When the line containing "then show ?thesis" appears in the entries below, begin printing there and stop after the line containing "using assms(2) by"; print each of those lines exactly and no other line.

::::::::

(* Fix a set size $m\ge1$, a population CDF $F$ and a point $t$. For $r=1,\dots,m$ let $Y_{(r)}^{1},\dots,Y_{(r)}^{n_r}$ be the measured units of the $r$-th stratum of a MinPNS sample obtained under perfect ranking, all observations mutually independent, those in stratum $r$ identically distributed with CDF $\mathbb{B}_{(r)}(F(t))$, where $\mathbb{B}_{(r)}(x)=\frac1r\sum_{i=1}^r\mathbb{B}(x,i,m+1-i)$. Let $y_{(r)}^+=\sum_{j=1}^{n_r}\mathbb{I}(Y_{(r)}^j\le t)$ and let \[F_{ml}(t)=\arg\max_{p\in[0,1]}\sum_{r=1}^m\Big[\log\binom{n_r}{y^+_{(r)}}+y^+_{(r)}\log\mathbb{B}_{(r)}(p)+(n_r-y^+_{(r)})\log\big(1-\mathbb{B}_{(r)}(p)\big)\Big].\] If $n_r\to\infty$ for each $r$ such that $n=\sum_r n_r\to\infty$, $n_r/n\to\lambda_r\in(0,1)$ and $\sum_{r=1}^m\lambda_r=1$, then $\sqrt n\,(F_{ml}(t)-F(t))$ converges in distribution to a normal distribution with mean zero and variance \[\sigma_{ml}^2=\Big(\sum_{r=1}^m\lambda_r\frac{\beta_{(r)}^2(F(t))}{\mathbb{B}_{(r)}(F(t))\big(1-\mathbb{B}_{(r)}(F(t))\big)}\Big)^{-1},\] where $\beta_{(r)}(x)=\mathbb{B}_{(r)}'(x)=\frac1r\sum_{i=1}^r\beta(x,i,m+1-i)$.
   Context: $\mathbb{B}(x,i,m+1-i)=\int_0^x i\binom{m}{i}u^{i-1}(1-u)^{m-i}\,du$ is the Beta$(i,m+1-i)$ CDF at $x$ and $\beta(x,i,m+1-i)$ is the corresponding Beta density at $x$; $\mathbb{I}$ is the indicator function. MinPNS (minimum partial nomination sampling): $n$ independent sets of $m$ units are drawn; in each set the unit judged smallest is measured, but the ranker may declare it tied with other units, in which case one tied unit is chosen at random; a measured unit is in stratum $r$ if exactly $r$ units (including itself) were declared tied for smallest in its set. Perfect ranking means the tied units are exactly the $r$ smallest units of the set, so the measured unit is a uniformly random one of the $r$ smallest order statistics of $m$ i.i.d. draws from $F$; the stratum sizes $n_r$ are treated as given. *)

theory Defs
  imports "HOL-Probability.Probability"
begin

text \<open>Beta(i, m+1-i) density at x.\<close>
definition beta_dens :: "nat \<Rightarrow> nat \<Rightarrow> real \<Rightarrow> real" where
  "beta_dens m i x = real i * real (m choose i) * x ^ (i - 1) * (1 - x) ^ (m - i)"

definition beta_cdf :: "nat \<Rightarrow> nat \<Rightarrow> real \<Rightarrow> real" where
  "beta_cdf m i x = integral {0..x} (beta_dens m i)"

definition Bmix :: "nat \<Rightarrow> nat \<Rightarrow> real \<Rightarrow> real" where
  "Bmix m r x = (1 / real r) * (\<Sum>i = 1..r. beta_cdf m i x)"

definition bmix :: "nat \<Rightarrow> nat \<Rightarrow> real \<Rightarrow> real" where
  "bmix m r x = (1 / real r) * (\<Sum>i = 1..r. beta_dens m i x)"

definition minpns_lik :: "nat \<Rightarrow> (nat \<Rightarrow> nat) \<Rightarrow> (nat \<Rightarrow> nat) \<Rightarrow> real \<Rightarrow> real" where
  "minpns_lik m nr y p =
     (\<Prod>r = 1..m. real (nr r choose y r) * Bmix m r p ^ y r * (1 - Bmix m r p) ^ (nr r - y r))"

definition sigma_ml_sq :: "nat \<Rightarrow> (nat \<Rightarrow> real) \<Rightarrow> real \<Rightarrow> real" where
  "sigma_ml_sq m lam x =
     inverse (\<Sum>r = 1..m. lam r * (bmix m r x)\<^sup>2 / (Bmix m r x * (1 - Bmix m r x)))"

end

theory Submission
  imports Defs
begin

(*
  Write q_r = B_(r)(F(t)) and y_r for the number of measured units of stratum r not exceeding t.
  The log-likelihood l(p) = sum_r y_r log B_(r)(p) + (n_r - y_r) log (1 - B_(r)(p)) has score
  U(p) = sum_r g_r(p) (y_r - n_r B_(r)(p)) with g_r = beta_(r) / (B_(r) (1 - B_(r))).
  Once every y_r / n_r is within a fixed eta of q_r, U is strictly decreasing on a fixed window
  around F(t), nonnegative to its left and nonpositive to its right.  So for p_n = F(t) + x / sqrt n
  the maximiser satisfies F_ml < p_n if U(p_n) < 0, and U(p_n) <= 0 if F_ml <= p_n: up to an event
  of vanishing probability, {sqrt n (F_ml - F(t)) <= x} lies between {U(p_n) < 0} and {U(p_n) <= 0}.
  Now U(p_n) / (s sqrt n) = W_n - c_n, where W_n = sum_r g_r(p_n) (y_r - n_r q_r) / (s sqrt n) is a
  weighted sum of independent centred Bernoulli variables, asymptotically standard normal by Levy's
  continuity theorem once s^2 = 1 / sigma_ml^2, while c_n -> x s by differentiability of B_(r).
  Hence P(sqrt n (F_ml - F(t)) <= x) -> Phi(x s), the normal CDF with variance sigma_ml^2 at x.
*)

section \<open>Beta mixtures\<close>

definition beta_dens' :: "nat \<Rightarrow> nat \<Rightarrow> real \<Rightarrow> real" where
  "beta_dens' m i x = real i * real (m choose i) *
     (real (i - 1) * x ^ (i - 1 - 1) * (1 - x) ^ (m - i) - x ^ (i - 1) * (real (m - i) * (1 - x) ^ (m - i - 1)))"

lemma beta_dens_has_real_derivative: "(beta_dens m i has_real_derivative beta_dens' m i x) (at x)"
  unfolding beta_dens_def[abs_def] beta_dens'_def
  by (auto intro!: derivative_eq_intros simp: algebra_simps)

lemma continuous_on_beta_dens [continuous_intros]: "continuous_on S (beta_dens m i)"
  unfolding beta_dens_def[abs_def] by (intro continuous_intros)

lemma beta_dens_pos: "1 \<le> i \<Longrightarrow> i \<le> m \<Longrightarrow> 0 < x \<Longrightarrow> x < 1 \<Longrightarrow> 0 < beta_dens m i x"
  unfolding beta_dens_def by auto

lemma bernstein_has_real_derivative:
  "((\<lambda>x. real (m choose j) * x ^ j * (1 - x) ^ (m - j)) has_real_derivative
     beta_dens m j x - beta_dens m (Suc j) x) (at x)"
proof -
  have "Suc j * (m choose Suc j) = (m - j) * (m choose j)"
    by (simp only: binomial_absorb_comp binomial_absorption)
  then have "real (Suc j) * real (m choose Suc j) = real (m - j) * real (m choose j)"
    by (simp only: of_nat_mult[symmetric])
  then have "beta_dens m (Suc j) x = real (m - j) * real (m choose j) * x ^ j * (1 - x) ^ (m - j - 1)"
    unfolding beta_dens_def by (metis diff_Suc_1 diff_Suc_eq_diff_pred diff_commute)
  moreover have "beta_dens m j x = real j * real (m choose j) * x ^ (j - 1) * (1 - x) ^ (m - j)"
    unfolding beta_dens_def ..
  ultimately show ?thesis
    by (auto intro!: derivative_eq_intros simp: algebra_simps)
qed

lemma beta_cdf_eq_binomial_tail:
  assumes "1 \<le> i" "0 \<le> x"
  shows "beta_cdf m i x = (\<Sum>j = i..m. real (m choose j) * x ^ j * (1 - x) ^ (m - j))"
proof -
  define T where "T x = (\<Sum>j = i..m. real (m choose j) * x ^ j * (1 - x) ^ (m - j))" for x
  have "(T has_real_derivative beta_dens m i y) (at y)" for y
  proof -
    have "(T has_real_derivative (\<Sum>j = i..m. beta_dens m j y - beta_dens m (Suc j) y)) (at y)"
      unfolding T_def by (intro DERIV_sum bernstein_has_real_derivative)
    moreover have "(\<Sum>j = i..m. beta_dens m j y - beta_dens m (Suc j) y) = beta_dens m i y"
    proof (cases "i \<le> m")
      case True
      then show ?thesis
        using sum_Suc_diff[of i m "\<lambda>j. - beta_dens m j y"] by (simp add: beta_dens_def)
    qed (simp add: beta_dens_def)
    ultimately show ?thesis by simp
  qed
  then have "(beta_dens m i has_integral T x - T 0) {0..x}"
    using assms(2) by (intro fundamental_theorem_of_calculus)
      (auto simp: has_real_derivative_iff_has_vector_derivative[symmetric] intro: has_field_derivative_at_within)
  moreover have "T 0 = 0"
    unfolding T_def using assms(1) by (intro sum.neutral) auto
  ultimately show ?thesis
    unfolding beta_cdf_def T_def by (simp add: integral_unique)
qed

lemma beta_cdf_1: "1 \<le> i \<Longrightarrow> i \<le> m \<Longrightarrow> beta_cdf m i 1 = 1"
  by (simp add: beta_cdf_eq_binomial_tail sum.remove[of _ m] sum.neutral)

::::::::

**SOLUTION FOR THIS PROBLEM:**
      then show ?thesis
        using sum_Suc_diff[of i m "\<lambda>j. - beta_dens m j y"] by (simp add: beta_dens_def)
    qed (simp add: beta_dens_def)
    ultimately show ?thesis by simp
  qed
  then have "(beta_dens m i has_integral T x - T 0) {0..x}"
    using assms(2) by (intro fundamental_theorem_of_calculus)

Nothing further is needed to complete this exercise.